In its latest not-quite-enforcement action against sellers of human cell and tissue products (HCT/Ps) without biologics licenses or in violation of the 361 HCT/P rules, the Food and Drug Administration (FDA) announced May 30 that it had sent an “untitled letter” to an Arizona company called R3 Stem Cell LLC and its chief executive, David Greene, M.D., MBA.
The letter to R3 doesn’t threaten or mention any enforcement action the agency could take; it asks the company to respond.
The company’s website, with disclaimers, describes its products as treatments for a vast variety of orthopedic conditions, including Achilles tendinitis and tears, rotator cuff tears, fractures, arthritis of the hand, wrist, hip, and knee, and stenosis of the spine, at prices of $1,000 to $8,000 per injection.
One of Dr. Greene’s blog entries, “Adipose Tissue-Derived Stem Cells for Osteoarthritis,” says, “Adipose tissue-derived stem cells (ASC)…can potentially be used in the treatment of osteoarthritis (OA),” and, “Now, through ASC-induced cartilage regeneration, we have a shot at curing OA.”
However, the FDA, in its letter, seemed less concerned about the orthopedic treatment claims than with the company’s claims of treatments for dementia, Parkinson’s disease, amyotrophic lateral sclerosis (ALS), diabetes, kidney failure, and Lyme disease.
R3’s website also claims or implies that its products can treat aging, autism, diabetes, and headaches.

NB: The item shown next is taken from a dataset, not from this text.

(* Let $M$ be a total dtpla with look-ahead states $P=\{\hat p_1,\dots,\hat p_n\}$. Then $$\sup\{\mathrm{height}(t)\mid t\in\mathrm{diff}(M)\}=\sup\{\mathrm{height}(M(C[p])/v)\mid C\in\mathcal C_\Sigma,\ p\in P,\ v\in V_\bot(\mathrm{pref}(M,C))\},$$ where suprema are taken in $\mathbb N\cup\{\infty\}$ and the supremum of the empty set is $0$. In particular, $\mathrm{diff}(M)$ is finite if and only if $\mathrm{diftup}(M)$ is finite, and then $\mathrm{maxdiff}(M)$ equals the maximal height of a component of a difference tuple of $M$.
   Context: Trees and patterns. For a ranked alphabet $\Delta$ and a set $Z$ of extra nullary symbols, $T_\Delta(Z)$ is the set of finite trees over $\Delta\cup Z$, and $T_\Delta=T_\Delta(\emptyset)$. Nodes are addresses in $\mathbb N_+^*$; $t/v$ denotes the subtree of $t$ at node $v$. The symbol $\bot$ is a special nullary symbol; $\mathcal P_\Delta=T_\Delta(\{\bot\})$ is the set of $\Delta$-patterns; $V_\bot(t)$ is the set of nodes of $t$ labelled $\bot$. For trees $t,t'$, $t\sqsubseteq t'$ means that $t'$ is obtained from $t$ by replacing some occurrences of $\bot$ by trees. For a finite nonempty set $T$ of trees, $\sqcap T$ is the greatest lower bound of $T$ w.r.t. $\sqsubseteq$ (largest common prefix): a node $v$ belongs to $\sqcap T$ iff $v$ is a node of all trees in $T$ and every proper ancestor of $v$ has the same label in all trees of $T$; its label is that common label if $v$ has the same label in all trees of $T$, and $\bot$ otherwise. A $\Sigma$-context is a tree $C\in T_\Sigma(\{\bot\})$ with exactly one occurrence of $\bot$; $\mathcal C_\Sigma$ is the set of $\Sigma$-contexts, and $C[t]$ is the result of replacing $\bot$ in $C$ by $t$. Dtlas. A deterministic top-down tree transducer with look-ahead (dtla) $M$ from $\Sigma$ to $\Delta$ consists of a finite set $Q$ of states, a total deterministic bottom-up tree automaton with finite state set $P$ (look-ahead states) and transitions $\delta(a,p_1,\dots,p_k)\in P$ for $a\in\Sigma^{(k)}$, extended to $\delta_M:T_\Sigma\to P$ (write $[\![p]\!]_M=\{s\mid\delta_M(s)=p\}$), an axiom $A_M(p)\in T_\Delta(Q(\{x_0\}))$ for each $p\in P$, and for $q\in Q$, $a\in\Sigma^{(k)}$, $p_1,\dots,p_k\in P$ at most one rule $q(a(x_1\langle p_1\rangle,\dots,x_k\langle p_k\rangle))\to\zeta$ with $\zeta=\mathrm{rhs}_M(q,a,p_1,\dots,p_k)\in T_\Delta(Q(X_k))$, $X_k=\{x_1,\dots,x_k\}$. Semantics: $q_M(a(s_1,\dots,s_k))=\mathrm{rhs}_M(q,a,\delta_M(s_1),\dots,\delta_M(s_k))[q'(x_i)\leftarrow q'_M(s_i)\mid q'\in Q,i\in[k]]$ (a partial function $[\![q]\!]_M$), and $M(s)=A_M(\delta_M(s))[q(x_0)\leftarrow q_M(s)\mid q\in Q]$, defining $[\![M]\!]$. $M$ is total if $[\![M]\!]$ is total. A dtpla is a dtla with $|P|\ge2$. For $C\in\mathcal C_\Sigma$ and $p\in P$, $M(C[p])\in T_\Delta(Q\times P)$ is the output of $M$ on $C$ when the hole is treated as a leaf with look-ahead state $p$ that is not translated further: formally $p$ is an extra nullary input symbol with $\delta(p)=p$ and $q_M(p)=\langle q,p\rangle$ for all $q\in Q$. Difference trees and tuples. $\mathrm{diff}(M)=\{M(C[p])/v\mid C\in\mathcal C_\Sigma,\ p,p'\in P,\ v\in V_\bot(M(C[p])\sqcap M(C[p']))\}$, and $\mathrm{maxdiff}(M)$ is the maximal height of its elements (when finite). For a fixed enumeration $P=\{\hat p_1,\dots,\hat p_n\}$ and $C\in\mathcal C_\Sigma$, $\mathrm{pref}(M,C)=\sqcap\{M(C[\hat p_1]),\dots,M(C[\hat p_n])\}$, and the set of difference tuples is $\mathrm{diftup}(M)=\{(M(C[\hat p_1])/v,\dots,M(C[\hat p_n])/v)\mid C\in\mathcal C_\Sigma,\ v\in V_\bot(\mathrm{pref}(M,C))\}$. *)

theory Defs
  imports Main "HOL-Library.Extended_Nat"
begin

One affiliated clinic in California had this come-on at its website home page: “Indications: Repair and regenerate damaged tendons, ligaments & cartilage from arthritis or sports injuries. Hair restoration & PRP facelifts too!”
We didn’t check to see whether the clinic was claiming all that could be accomplished with just one treatment.
The FDA letter says that R3 Stem Cell offers its therapies at affiliates “throughout the United States.” An FDA spokeswoman said, “The FDA has notified each of R3 Stem Cell, LLC’s more than 50 affiliate centers or clinics of this action.”
A search using R3’s “Find a Clinic” application at its website found more than two dozen affiliates, more than half in California, in a search of about a dozen states.
The FDA letter accuses R3 of failing to comply with FDA regulation, saying, “Based on a review of your website, it appears that R3 Stem Cell, LLC does not qualify for any exception in 21 CFR 1271.15 and the stem cell therapies offered by R3 Stem Cell, LLC are intended for nonhomologous uses and would be regulated as drugs as defined in section 201(g) of the FD&C Act [21 U.S.C. 321(g)] and biological products as defined in section 351(I) of the PHS Act [42 U.S.C. 262(I)]. In order to lawfully market a drug that is also a biological product, a valid biologics license must be in effect [42 U.S.C. 262(a)].”
It adds: “We note that your products are intended to treat a variety of serious or life-threatening diseases or conditions. Such unapproved uses raise potential significant safety concerns. Additionally, because the products are administered by various higher risk routes of administration, including IV, their use, if contaminated could cause a range of adverse events.”
The letter is FDA’s latest announced action under its 36-month period of “enforcement discretion” which ends in November 2020, under which it does a lot more coaching and counseling of companies to come into compliance than drastic enforcement actions. It’s the 46th such letter the agency has sent, an FDA press release says.
We emailed Dr. Greene asking for his comments on the FDA letter.